Of the 79 TG neurones sensitive to GABA, 73 cells were pretreated for 30 s with the CB1 receptor agonist WIN 55,212-2. We observed that the majority (69.9%, 51 out of 73) of IGABA (3 × 10−5 M) recorded were obviously potentiated by the pre-application of WIN 55,212-2 (10−8 M); IGABA increased by 36.3 ± 2.6% in 51 neurones (P < 0.01, paired t-test); the amplitude of IGABA decreased by 56.2 ± 7.9% in 3 neurones examined (4.1%, 3/73); while, in the remainder (26.0%, 19/73), WIN 55,212-2 had no effect on the IGABA (3.9 ± 1.2%, P > 0.05, paired t-test) (Figure 1B–D). In the present study, we established a cut-off value for the effect of WIN 55,212-2, which was a change in the amplitude of the IGABA exceeding 12.0%. After pooling all the data from the 73 neurones examined, pre-application of WIN 55,212-2 was found to increase the IGABA by 22.0 ± 3.9% (P < 0.05, paired t-test). The potentiating effect of WIN 55,212-2 on IGABA disappeared after a 4–8 min washout and was reproducible in the same TG neurone. WIN 55,212-2 itself did not induce a current in any of the neurones examined, with the exception of three neurones where it had an inhibitory effect on IGABA induced by an apparent inward current (Figure 1C).

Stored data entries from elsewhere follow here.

lemma G_attains:
  assumes "0 < t" "t \<le> 1"
  shows "\<exists>c\<ge>r0. G c = t"
proof -
  have "eventually (\<lambda>n. G (real n) < t) sequentially"
    using G_mu_tendsto_0[OF finite_measure_axioms mu_sets] assms(1) by (rule order_tendstoD)
  moreover have "eventually (\<lambda>n. r0 \<le> real n) sequentially"
    by (rule eventually_sequentiallyI[of "nat \<lceil>r0\<rceil>"]) linarith
  ultimately obtain n where n: "G (real n) < t" "r0 \<le> real n"
    using eventually_happens'[OF sequentially_bot eventually_conj] by blast
  have "continuous_on {r0..real n} G"
    using G_cont by (rule continuous_on_subset) auto
  then obtain c where "r0 \<le> c" "G c = t"
    using IVT2'[of G "real n" t r0] n assms G_eq_1[of r0] by auto
  then show ?thesis by blast
qed

lemma
  assumes "0 < t" "t \<le> 1"
  shows Ginv_ge: "r0 \<le> Ginv t" and G_Ginv: "G (Ginv t) = t"
proof -
  obtain c where c: "r0 \<le> c" "G c = t" using G_attains[OF assms] by blast
  have "inj_on G {r0..}"
    using G_strict_less by (metis atLeast_iff inj_on_def linorder_neqE_linordered_idom less_irrefl)
  then have "Ginv t = c" using c by (auto intro!: the_inv_into_f_eq)
  then show "r0 \<le> Ginv t" "G (Ginv t) = t" using c by auto
qed

lemma le_Ginv_iff:
  assumes "0 < t" "t \<le> 1" "r0 \<le> r"
  shows "r \<le> Ginv t \<longleftrightarrow> t \<le> G r"
proof
  assume "r \<le> Ginv t"
  then show "t \<le> G r" using G_antimono G_Ginv[OF assms(1,2)] by metis
next
  assume "t \<le> G r"
  then show "r \<le> Ginv t"
    using G_strict_less[of "Ginv t" r] Ginv_ge[OF assms(1,2)] G_Ginv[OF assms(1,2)] by fastforce
qed

lemma H_mu_eq_Ginv:
  assumes "0 < t" "t \<le> 1"
  shows "H_mu \<mu> t = Ginv t"
proof -
  have "0 \<le> r \<and> t \<le> G r \<longleftrightarrow> r \<in> {0..Ginv t}" for r
    using le_Ginv_iff[OF assms, of r] Ginv_ge[OF assms] G_eq_1[of r] assms(2)
    by (cases "r0 \<le> r") auto
  then have "{r. 0 \<le> r \<and> t \<le> G r} = {0..Ginv t}" by blast
  moreover have "0 \<le> Ginv t" using Ginv_ge[OF assms] r0_nonneg by simp
  ultimately show ?thesis unfolding H_mu_def by simp
qed

text \<open>\<open>G\<inverse>\<close> extended by \<open>0\<close> to \<open>u \<le> 0\<close>; the function \<open>\<phi>\<close> of the theorem is \<open>quantile \<circ> \<psi>\<close>.\<close>
definition quantile :: "real \<Rightarrow> real" where
  "quantile u = (if 0 < u then Ginv u else 0)"

lemma quantile_nonneg: "u \<le> 1 \<Longrightarrow> 0 \<le> quantile u"
  using Ginv_ge[of u] r0_nonneg unfolding quantile_def by auto

lemma le_quantile_iff:
  assumes "u \<le> 1"
  shows "r \<le> quantile u \<longleftrightarrow>
    (if r \<le> 0 then True else if r \<le> r0 then 0 < u else 0 < u \<and> u \<le> G r)"
  using Ginv_ge[of u] le_Ginv_iff[of u r] assms r0_nonneg unfolding quantile_def by auto

lemma measurable_quantile:
  assumes U_meas: "U \<in> borel_measurable M" and U_le_1: "\<And>x. x \<in> space M \<Longrightarrow> U x \<le> 1"
  shows "(\<lambda>x. quantile (U x)) \<in> borel_measurable M"
  unfolding borel_measurable_iff_ge using U_meas
  by (subst Collect_cong[OF conj_cong[OF refl le_quantile_iff[OF U_le_1]]]) (auto split: if_split)

lemma distr_quantile_transform:
  assumes "prob_space P" and U_meas: "U \<in> borel_measurable P"
    and U_le_1: "\<And>x. x \<in> space P \<Longrightarrow> U x \<le> 1"
    and U_uniform: "\<And>s. 0 \<le> s \<Longrightarrow> s < 1 \<Longrightarrow> measure P {x\<in>space P. U x \<le> s} = s"
  shows "distr P borel (\<lambda>x. quantile (U x)) = \<mu>"
proof -
  interpret P: prob_space P by fact
  let ?X = "\<lambda>x. quantile (U x)"
  have X_meas: "?X \<in> borel_measurable P"
    using U_meas U_le_1 by (rule measurable_quantile)
  have null: "measure P {x\<in>space P. U x \<le> 0} = 0"
    using U_uniform by simp
  have "measure P {x\<in>space P. r \<le> ?X x} = G r" for r
  proof (cases "r \<le> r0")
    case True
    have "{x\<in>space P. 0 < U x} = space P - {x\<in>space P. U x \<le> 0}" by auto
    then have "measure P {x\<in>space P. 0 < U x} = 1"
      using null U_meas by (simp add: P.prob_compl)
    moreover have "{x\<in>space P. r \<le> ?X x} = (if r \<le> 0 then space P else {x\<in>space P. 0 < U x})"
      using le_quantile_iff U_le_1 True by auto
    ultimately show ?thesis using G_eq_1[OF True] by (simp add: P.prob_space)
  next
    case False
    have G: "0 < G r" "G r < 1" using G_pos[of r] G_less_1[of r] False by auto
    have "measure P {x\<in>space P. 0 < U x \<and> U x \<le> G r} =
        measure P ({x\<in>space P. U x \<le> G r} - {x\<in>space P. U x \<le> 0})"
      by (rule arg_cong[where f="measure P"]) auto
    also have "\<dots> = measure P {x\<in>space P. U x \<le> G r} - measure P {x\<in>space P. U x \<le> 0}"
      using U_meas G by (intro P.finite_measure_Diff) auto
    also have "\<dots> = G r" using null U_uniform[of "G r"] G by simp
    finally have "measure P {x\<in>space P. 0 < U x \<and> U x \<le> G r} = G r" .
    moreover have "{x\<in>space P. r \<le> ?X x} = {x\<in>space P. 0 < U x \<and> U x \<le> G r}"
      using le_quantile_iff U_le_1 False r0_nonneg by auto
    ultimately show ?thesis by simp
  qed
  moreover have "emeasure (distr P borel ?X) {r..} = emeasure P {x\<in>space P. r \<le> ?X x}" for r
    using X_meas by (subst emeasure_distr) (auto intro!: arg_cong[where f="emeasure P"])
  ultimately show ?thesis
    using X_meas mu_sets
    by (intro measure_eqI_atLeast P.finite_measure_distr)
       (auto simp: P.emeasure_eq_measure emeasure_eq_measure G_mu_def)
qed

end
theorem proposition2:
  fixes V :: "'a set" and E :: "'a \<Rightarrow> 'a \<Rightarrow> bool"
  assumes "simple_graph V E" and "connected_graph V E"
  shows "\<exists>c::real. c > 0 \<and> (\<forall>S. S \<noteq> {} \<and> S \<subset> V \<longrightarrow>
     avg_hitting_time V E S
       \<le> (1 / real (card (V - S))) * real (\<Sum>u\<in>V - S. gdist_set V E u S)
            * real (\<Sum>v\<in>V - S. deg V E v)
     \<and> (1 / real (card (V - S))) * real (\<Sum>u\<in>V - S. gdist_set V E u S)
            * real (\<Sum>v\<in>V - S. deg V E v)
       \<le> c * real (card (V - S)) ^ 3)"
proof (intro exI conjI allI impI)
  have "finite V" using assms(1) unfolding simple_graph_def by auto
  show "real (diameter V E) * real (card V) + 1 > 0" by (simp add: add_nonneg_pos)
  fix S assume "S \<noteq> {} \<and> S \<subset> V"
  then show "avg_hitting_time V E S
       \<le> (1 / real (card (V - S))) * real (\<Sum>u\<in>V - S. gdist_set V E u S) * real (\<Sum>v\<in>V - S. deg V E v)"
    and "(1 / real (card (V - S))) * real (\<Sum>u\<in>V - S. gdist_set V E u S) * real (\<Sum>v\<in>V - S. deg V E v)
       \<le> (real (diameter V E) * real (card V) + 1) * real (card (V - S)) ^ 3"
    using avg_hitting_time_le[OF assms] distance_degree_product_le_cube[OF \<open>finite V\<close>] by auto
qed

end
(* Let $\mathcal S$ be a finite poset, $\chi=(\chi_i)_{i\in\mathcal S}\in\mathbb R_+^{|\mathcal S|}$, and let $\mathcal U=(U;U_i)_{i\in\mathcal S}$ be an indecomposable $\chi$-representation of $\mathcal S$. Then the subspace representation $F(\mathcal U)$ is $\chi$-stable.
   Context: A unitary representation of a finite poset $\mathcal S$ is a tuple $(U;U_i)_{i\in\mathcal S}$ of a finite-dimensional complex unitary space $U$ and subspaces $U_i$ with $U_i\subseteq U_j$ whenever $i\prec j$. It is a $\chi$-representation if $\sum_{i\in\mathcal S}\chi_iP_{U_i}=\mathbb 1$, where $P_{U_i}$ is the orthogonal projection onto $U_i$. It is indecomposable if it is not unitarily equivalent to an orthogonal sum $(U'\perp U'';U'_i\perp U''_i)$ of two nonzero unitary representations. $F(\mathcal U)$ is the underlying subspace representation (forgetting the inner product). A subspace representation $(V;V_i)_{i\in\mathcal S}$ is $\chi$-stable if $\sum_{i\in\mathcal S}\chi_i\dim V_i=\dim V$ and $\sum_{i\in\mathcal S}\chi_i\dim(V_i\cap M)<\dim M$ for every subspace $M$ with $0\neq M\subsetneq V$. *)

theory Defs
  imports "HOL-Analysis.Analysis"
begin

text \<open>The unitary space is modelled as the standard complex Hilbert space
  \<open>complex ^ 'n\<close> with the Hermitian inner product below (every finite-dimensional
  nonzero complex unitary space is isometric to such a space).\<close>

definition herm :: "complex ^ 'n \<Rightarrow> complex ^ 'n \<Rightarrow> complex" where
  "herm x y = (\<Sum>k\<in>UNIV. x $ k * cnj (y $ k))"
lemma odd_card_inner_eq_iff:
  assumes "finite U"
  shows "odd (card {j\<in>U. a j \<and> x j}) = odd (card {j\<in>U. a j \<and> y j})
         \<longleftrightarrow> even (card {j\<in>U. x j \<noteq> y j \<and> a j})"
  using assms
proof (induction U rule: finite_induct)
  case (insert u U)
  have split: "{j\<in>insert u U. P j} = (if P u then insert u {j\<in>U. P j} else {j\<in>U. P j})" for P
    by auto
  show ?case
    using insert by (simp only: split) (auto simp: card_insert_if)
qed simp

lemma second_moment_method:
  fixes X :: "'a \<Rightarrow> real"
  assumes fin: "finite (set_pmf M)" and zero_or_ge1: "\<And>w. X w = 0 \<or> 1 \<le> X w"
  shows "(measure_pmf.expectation M X)\<^sup>2
         \<le> measure_pmf.expectation M (\<lambda>w. (X w)\<^sup>2) * measure_pmf.prob M {w. 1 \<le> X w}"
proof -
  define mu where "mu = measure_pmf.expectation M X"
  define s where "s = measure_pmf.expectation M (\<lambda>w. (X w)\<^sup>2)"
  define P where "P = measure_pmf.prob M {w. 1 \<le> X w}"
  \<comment> \<open>Integrate \<open>0 \<le> (X - t [X \<ge> 1])\<^sup>2\<close>, noting \<open>X [X \<ge> 1] = X\<close>.\<close>
  have quadratic: "2*t*mu - t\<^sup>2 * P \<le> s" for t
  proof -
    have "2*t*X w - t\<^sup>2 * indicator {w. 1 \<le> X w} w \<le> (X w)\<^sup>2" for w
    proof (cases "1 \<le> X w")
      case True
      have "0 \<le> (X w - t)\<^sup>2" by simp
      with True show ?thesis by (simp add: power2_diff algebra_simps)
    next
      case False
      with zero_or_ge1[of w] show ?thesis by simp
    qed
    then have "measure_pmf.expectation M (\<lambda>w. 2*t*X w - t\<^sup>2 * indicator {w. 1 \<le> X w} w) \<le> s"
      unfolding s_def by (intro integral_mono integrable_measure_pmf_finite fin)
    moreover have "measure_pmf.expectation M (\<lambda>w. 2*t*X w - t\<^sup>2 * indicator {w. 1 \<le> X w} w)
        = 2*t*mu - t\<^sup>2 * P"
      unfolding mu_def P_def
      by (subst Bochner_Integration.integral_diff) (auto intro!: integrable_measure_pmf_finite fin)
    ultimately show ?thesis by simp
  qed
  have "0 \<le> mu"
    unfolding mu_def using zero_or_ge1 by (intro Bochner_Integration.integral_nonneg) (smt (verit))
  show ?thesis
  proof (cases "P = 0")
    case True
    have "mu = 0"
    proof (rule ccontr)
      assume "mu \<noteq> 0"
      then show False
        using quadratic[of "(s + 1) / (2*mu)"] \<open>0 \<le> mu\<close> True by (simp add: field_simps)
    qed
    then show ?thesis by (simp add: mu_def)
  next
    case False
    then have "0 < P" unfolding P_def by (simp add: zero_less_measure_iff)
    have "mu\<^sup>2 / P = 2*(mu/P)*mu - (mu/P)\<^sup>2 * P"
      using \<open>0 < P\<close> by (simp add: field_simps power2_eq_square)
    also have "\<dots> \<le> s" by (rule quadratic)
    finally show ?thesis
      using \<open>0 < P\<close> by (simp add: mu_def s_def P_def field_simps)
  qed
qed

definition hash_zero_event :: "nat \<Rightarrow> nat \<Rightarrow> (nat \<Rightarrow> bool) \<Rightarrow> ((nat \<times> nat \<Rightarrow> bool) \<times> (nat \<Rightarrow> bool)) set" where
  "hash_zero_event m n x = {(A, b). \<forall>i<m. \<not> hval n A b x i}"

definition hamming :: "nat \<Rightarrow> (nat \<Rightarrow> bool) \<Rightarrow> (nat \<Rightarrow> bool) \<Rightarrow> nat" where
  "hamming n x y = card {j\<in>{..<n}. x j \<noteq> y j}"

definition parity_agree_prob :: "nat \<Rightarrow> real \<Rightarrow> nat \<Rightarrow> real" where
  "parity_agree_prob m f w = ((1 + (1 - 2*f) ^ w) / 2) ^ m"

lemma finite_set_pmf_hash_dist: "finite (set_pmf (hash_dist m n f))"
  by (auto simp: hash_dist_def set_Pi_pmf intro!: finite_PiE_dflt)

lemma prob_hash_zero_pair_given_matrix:
  "measure_pmf.prob (Pi_pmf {..<m} False (\<lambda>_. bernoulli_pmf (1/2)))
     {b. (A, b) \<in> hash_zero_event m n x \<inter> hash_zero_event m n y}
   = (1/2) ^ m * indicator {A. \<forall>i\<in>{..<m}. even (card {j\<in>{j\<in>{..<n}. x j \<noteq> y j}. A (i, j)})} A"
  (is "_ = _ * indicator ?agree A")
proof -
  let ?par = "\<lambda>z i. odd (card {j\<in>{..<n}. A (i, j) \<and> z j})"
  have coin: "measure_pmf.prob (bernoulli_pmf (1/2)) {\<beta>. \<beta> = a \<and> \<beta> = c} = (if a = c then 1/2 else 0)"
    for a c :: bool
  proof -
    have "{\<beta>. \<beta> = a \<and> \<beta> = c} = (if a = c then {a} else {})" by auto
    then show ?thesis by (cases a) (simp_all add: measure_pmf_single)
  qed
  have agree: "?par x i = ?par y i \<longleftrightarrow> even (card {j\<in>{j\<in>{..<n}. x j \<noteq> y j}. A (i, j)})" for i
    using odd_card_inner_eq_iff[of "{..<n}" "\<lambda>j. A (i, j)" x y] by (simp add: conj_ac)
  have "{b. (A, b) \<in> hash_zero_event m n x \<inter> hash_zero_event m n y}
      = Pi {..<m} (\<lambda>i. {\<beta>. \<beta> = ?par x i \<and> \<beta> = ?par y i})"
    by (auto simp: hash_zero_event_def hval_def Pi_def)
  then have "measure_pmf.prob (Pi_pmf {..<m} False (\<lambda>_. bernoulli_pmf (1/2)))
      {b. (A, b) \<in> hash_zero_event m n x \<inter> hash_zero_event m n y}
      = (\<Prod>i<m. if ?par x i = ?par y i then 1/2 else 0)"
    by (simp add: measure_Pi_pmf_Pi coin)
  also have "\<dots> = (1/2) ^ m * indicator ?agree A"
  proof (cases "A \<in> ?agree")
    case True
    then have "(\<Prod>i<m. if ?par x i = ?par y i then 1/2 else 0) = (\<Prod>i<m. 1/2 :: real)"
      using agree by (intro prod.cong) auto
    with True show ?thesis by simp
  next
    case False
    then obtain i where "i < m" "?par x i \<noteq> ?par y i"
      using agree by auto
    with False show ?thesis by (auto simp: prod_zero_iff)
  qed
  finally show ?thesis .
qed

Blockade of WIN 55,212-2-induced potentiation of IGABA by AM 251

To verify whether the potentiation of IGABA by WIN 55,212-2 was mediated by the CB receptor, we examined the effect of the pre-application of WIN 55,212-2 (10−8 M) with AM 251(3 × 10−8 M), a selective CB1 receptor antagonist, on IGABA. The potentiation of IGABA (3 × 10−5 M) by pretreatment with WIN 55,212-2 was almost completely reversed by the addition of AM 251 (Figure 1E,F, P < 0.01, one-way anova following by Bonferroni's post hoc test, n= 7). Moreover, AM 251(3 × 10−8 M) itself had no effect on IGABA (data not shown).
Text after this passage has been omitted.